So, coralife only offers the two 65w fixture for 30" tanks; I was disappointed. I figured I could just change out the bulbs; no, the lower wattage bulbs are too short for the bulb clamps. Clamps, shmamps -I was going to 'figure it out'. I really wanted the moon lights - and I can be kinda childish (ok really childish) about what I want. I got the fixture and took it apart. The clamps which hold the bulbs in place are adjustable in the housing. All I did was make two holes in the reflector for the screws, and ta-da, my 36w bulbs now fit. 
I promise it wasn't that hard to do, if I'd had the good sense to take pictures of it, you could have seen. The trick is making the reflector hole in the right place. The anchor that the bulb clip screws into is adjustable in tracks in the light housing. Move the anchors to their new location, measure and dent the reflector, before making the hole, to insure a good fit. The reflector metal is very soft, I used an phillips screwdriver to make my holes. Good luck and happy modding!


----------



## mpagri (Dec 7, 2007)

So, to make sure i understand, you took the 2x65w fixture and made 2x36w bulbs fit into it?

The 2x65w fixture is out of my price range i think. I am thinking about doing just 1 65w.


----------



## [email protected] (Oct 15, 2007)

Yes, I modified the 2 x 65w light clamps to accept the shorter 36w bulbs. I haven't run across a 72w single bulb, and while I was comfortable using the ballast to drive smaller bulbs, I'm not sure that it would drive larger bulbs.

Regarding the dragonfly larve: I caught the larve chomping on my MTS. When it was the ponds and rams it was ok, but my substrate burrowers are sacred. I also did some additional reading, and found out that the larval stage can last years whith the larve reaching 2" long. So I think I'm going to foray into nano tank territory and set up a mini-tank for the larve and some snails. We'll see what happens. I have no experience with that small a set-up, so I'll be checking the fourm for knowledge and post what I come up with.


----------



## natureman187 (Aug 15, 2007)

are your bubbles you see in the substrate?


----------



## CrimsonKeel (Sep 3, 2004)

yeah those dragonfly larvae have this thing under there mouth that hinges out and has two prongs on it that it uses to stab fish to hold and kill them. get it out asap if you want your fish to live.
anyway thats a really nice tank you got started ill keep an eye on it to see how it turns out


----------



## [email protected] (Oct 15, 2007)

natureman187 - the bubbles are developing in the substrate. Was just curious if anyone who had this happen could recall how long it lasted. Again, I would imagine it depends mostly on my particular soil composition.

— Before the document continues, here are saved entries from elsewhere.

lemma f_closed: "x \<in> carrier g \<Longrightarrow> f x \<in> carrier A"
  and f_add: "x \<in> carrier g \<Longrightarrow> y \<in> carrier g \<Longrightarrow> f (x \<oplus>\<^bsub>g\<^esub> y) = f x \<oplus>\<^bsub>A\<^esub> f y"
  and f_hom: "x \<in> hom g n \<Longrightarrow> f x \<in> hom A n"
  and f_pd: "x \<in> carrier g \<Longrightarrow> f (pd g x) = pd A (f x)"
  and f_curv: "f (curv g) = curv A"
  using f_cmor unfolding cmor_def by simp_all

lemma f_zero: "f \<zero>\<^bsub>g\<^esub> = \<zero>\<^bsub>A\<^esub>"
proof -
  interpret g: abelian_group g by (rule abelian_group)
  show ?thesis
    using f_add[of "\<zero>\<^bsub>g\<^esub>" "\<zero>\<^bsub>g\<^esub>"] f_closed[of "\<zero>\<^bsub>g\<^esub>"] by simp
qed

lemma eval_word_closed: "set w \<subseteq> homogeneous g \<Longrightarrow> eval_word A f w \<in> carrier A"
proof (induction w)
  case (Cons x w)
  then show ?case
    by (cases "w = []") (simp_all add: eval_word_Cons f_closed homogeneous_closed A.mult_closed)
qed simp

lemma eval_term_closed: "wf_term g r \<Longrightarrow> eval_term A f r \<in> carrier A"
  by (induction r) (auto simp: eval_word_closed)

lemma eval_word_append:
  "v \<noteq> [] \<Longrightarrow> w \<noteq> [] \<Longrightarrow> set v \<subseteq> homogeneous g \<Longrightarrow> set w \<subseteq> homogeneous g \<Longrightarrow>
    eval_word A f (v @ w) = eval_word A f v \<otimes>\<^bsub>A\<^esub> eval_word A f w"
proof (induction v)
  case (Cons x v)
  then show ?case
    by (cases "v = []")
      (simp_all add: eval_word_Cons A.mult_assoc f_closed homogeneous_closed eval_word_closed)
qed simp

lemma eval_term_append:
  "wf_term g r \<Longrightarrow> wf_term g s \<Longrightarrow> eval_term A f (r @ s) = eval_term A f r \<oplus>\<^bsub>A\<^esub> eval_term A f s"
  by (induction r) (auto simp: eval_term_closed eval_word_closed A.a_assoc)

lemma eval_term_smult: "wf_term g r \<Longrightarrow> eval_term A f (term_smult c r) = c \<odot>\<^bsub>A\<^esub> eval_term A f r"
  by (induction r)
    (auto simp: eval_term_closed eval_word_closed A.smult_r_distr A.smult_mult_scalar)
text \<open>Mapping each \<open>G i\<close> into the amalgam \<open>H\<close> cannot increase distances, and the glued
  copies of a vertex of \<open>J\<close> become one vertex of \<open>H\<close>; so isometric embeddings force the
  family to be isometric. Conversely, fix \<open>v\<close> in \<open>G i\<close> and consider on each \<open>G j\<close> the
  distance to \<open>v\<close> ``through \<open>J\<close>'', i.e. \<open>min\<^sub>a d\<^sub>j(w, a\<^sup>j) + d\<^sub>i(a\<^sup>i, v)\<close>, and plain
  \<open>d\<^sub>i(w, v)\<close> on \<open>G i\<close> itself. Each of these functions is 1-Lipschitz, and when the
  family is isometric they agree on the glued vertices, so they descend to a 1-Lipschitz
  function on \<open>H\<close>; along any walk of \<open>H\<close> from \<open>u\<close> to \<open>v\<close> it drops from \<open>d\<^sub>i(u, v)\<close> to 0,
  which bounds the length of the walk from below.\<close>

lemma Inf_enat_in: "A \<noteq> {} \<Longrightarrow> Inf A \<in> (A :: enat set)"
  unfolding Inf_enat_def by (auto intro: LeastI)

lemma INF_le_INF_add_enat:
  assumes "\<And>a. a \<in> A \<Longrightarrow> f a \<le> g a + c"
  shows "(INF a\<in>A. f a) \<le> (INF a\<in>A. g a) + (c :: enat)"
proof (cases "A = {}")
  case True
  then show ?thesis by (simp add: top_enat_def)
next
  case False
  then obtain a where a: "a \<in> A" "(INF a\<in>A. g a) = g a"
    using Inf_enat_in[of "g ` A"] by auto
  have "(INF a\<in>A. f a) \<le> f a" using a(1) by (rule INF_lower)
  also have "\<dots> \<le> g a + c" using a(1) assms by blast
  finally show ?thesis using a(2) by simp
qed

lemma walk_Cons_Cons [simp]:
  "walk G (x # y # xs) \<longleftrightarrow> x \<in> verts G \<and> adj G x y \<and> walk G (y # xs)"
  unfolding walk_def by (auto simp: less_Suc_eq_0_disj)

lemma walk_singleton [simp]: "walk G [x] \<longleftrightarrow> x \<in> verts G"
  by (simp add: walk_def)

lemma gdist_le_walk_length:
  "walk G xs \<Longrightarrow> gdist G (hd xs) (last xs) \<le> enat (length xs - 1)"
  unfolding gdist_def by (rule INF_lower) auto

lemma gdist_shortest_walk:
  assumes "gdist G u v \<noteq> \<infinity>"
  obtains xs where "walk G xs" "hd xs = u" "last xs = v" "gdist G u v = enat (length xs - 1)"
proof -
  let ?W = "{xs. walk G xs \<and> hd xs = u \<and> last xs = v}"
  have "?W \<noteq> {}"
  proof
    assume "?W = {}"
    then have "gdist G u v = \<infinity>" unfolding gdist_def \<open>?W = {}\<close> by (simp add: top_enat_def)
    with assms show False ..
  qed
  then have "gdist G u v \<in> (\<lambda>xs. enat (length xs - 1)) ` ?W"
    unfolding gdist_def by (intro Inf_enat_in) simp
  then show ?thesis using that by blast
qed
lemma dual_energy_step:
  assumes k: "k \<ge> 1"
  shows "anchor_energy \<sigma> ls (l k) (mu k) / \<delta> - anchor_energy \<sigma> ls (l (k - 1)) (mu (k - 1)) / \<delta>
    \<le> \<sigma> * t (Suc k) * ((mu k - ls) \<bullet> (A *v w k - b))
      - (\<sigma> - 1) * \<sigma> * (2 * t k - 1) / (2 * \<delta>) * (norm (l k - l (k - 1)))\<^sup>2"
proof -
  define a v where "a = \<sigma> * t (Suc k)" and "v = A *v w k - b"
  have diff: "anchor_energy \<sigma> ls (l k) (mu k) - anchor_energy \<sigma> ls (l (k - 1)) (mu (k - 1))
      = a * ((mu k - ls) \<bullet> (\<delta> *\<^sub>R v)) - a\<^sup>2 / 2 * (norm (\<delta> *\<^sub>R v))\<^sup>2
        - (\<sigma> - 1) * \<sigma> * (2 * t k - 1) / 2 * (norm (l k - l (k - 1)))\<^sup>2"
    using anchor_energy_step[OF k, of ls l] l_step_w[OF k] unfolding w_mu_pred[OF k]
    by (simp add: mu_def a_def v_def)
  have "anchor_energy \<sigma> ls (l k) (mu k) / \<delta> - anchor_energy \<sigma> ls (l (k - 1)) (mu (k - 1)) / \<delta>
      = a * ((mu k - ls) \<bullet> v) - \<delta> * (a\<^sup>2 / 2 * (norm v)\<^sup>2)
        - (\<sigma> - 1) * \<sigma> * (2 * t k - 1) / (2 * \<delta>) * (norm (l k - l (k - 1)))\<^sup>2"
    unfolding diff_divide_distrib[symmetric] diff using delta
    by (simp add: power_mult_distrib power2_eq_square field_simps)
  moreover have "0 \<le> \<delta> * (a\<^sup>2 / 2 * (norm v)\<^sup>2)" using delta by simp
  ultimately show ?thesis unfolding a_def v_def by linarith
qed

definition energy :: "nat \<Rightarrow> real" where
  "energy k = (\<sigma> * t k)\<^sup>2 * gap (x k) + \<beta> * \<sigma> * t k * (\<sigma> * t k + 1) / 2 * (norm (A *v x k - b))\<^sup>2
     + anchor_energy \<sigma> xs (x (k - 1)) (w (k - 1)) / \<gamma>
     + anchor_energy \<sigma> ls (l (k - 1)) (mu (k - 1)) / \<delta>"

definition dissipation :: "nat \<Rightarrow> real" where
  "dissipation k = \<sigma> * (1 - \<sigma> * \<rho>) * t (Suc k) * gap (x k)
     + \<beta> * \<sigma> * t k / 2 * (norm (A *v x k - b))\<^sup>2
     + (\<sigma> - 1) * \<sigma> * t k / (2 * \<gamma>) * (norm (x k - x (k - 1)))\<^sup>2
     + (\<sigma> - 1) * \<sigma> * t k / (2 * \<delta>) * (norm (l k - l (k - 1)))\<^sup>2"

CrimsonKeel - thanks for the compliment, and not to worry, the larvae are out of the tank and into a mini tank of their own. We'll see how they do.


----------



## Mr Fishies (Apr 9, 2006)

[email protected] said:


> natureman187 - the bubbles are developing in the substrate. Was just curious if anyone who had this happen could recall how long it lasted. Again, I would imagine it depends mostly on my particular soil composition.


My 50G's soil started to bubble after several months of submersion, and continued for 4-5 months if I recall correctly. I didn't really commit to spending any length of time watching for bubbles. It didn't bubble a lot, some days I wouldn't see any, other days I'd see 2-3, but it was so rare (and far between bubble), that if my tank was not in my field of view near my desk I may have never seen any.


----------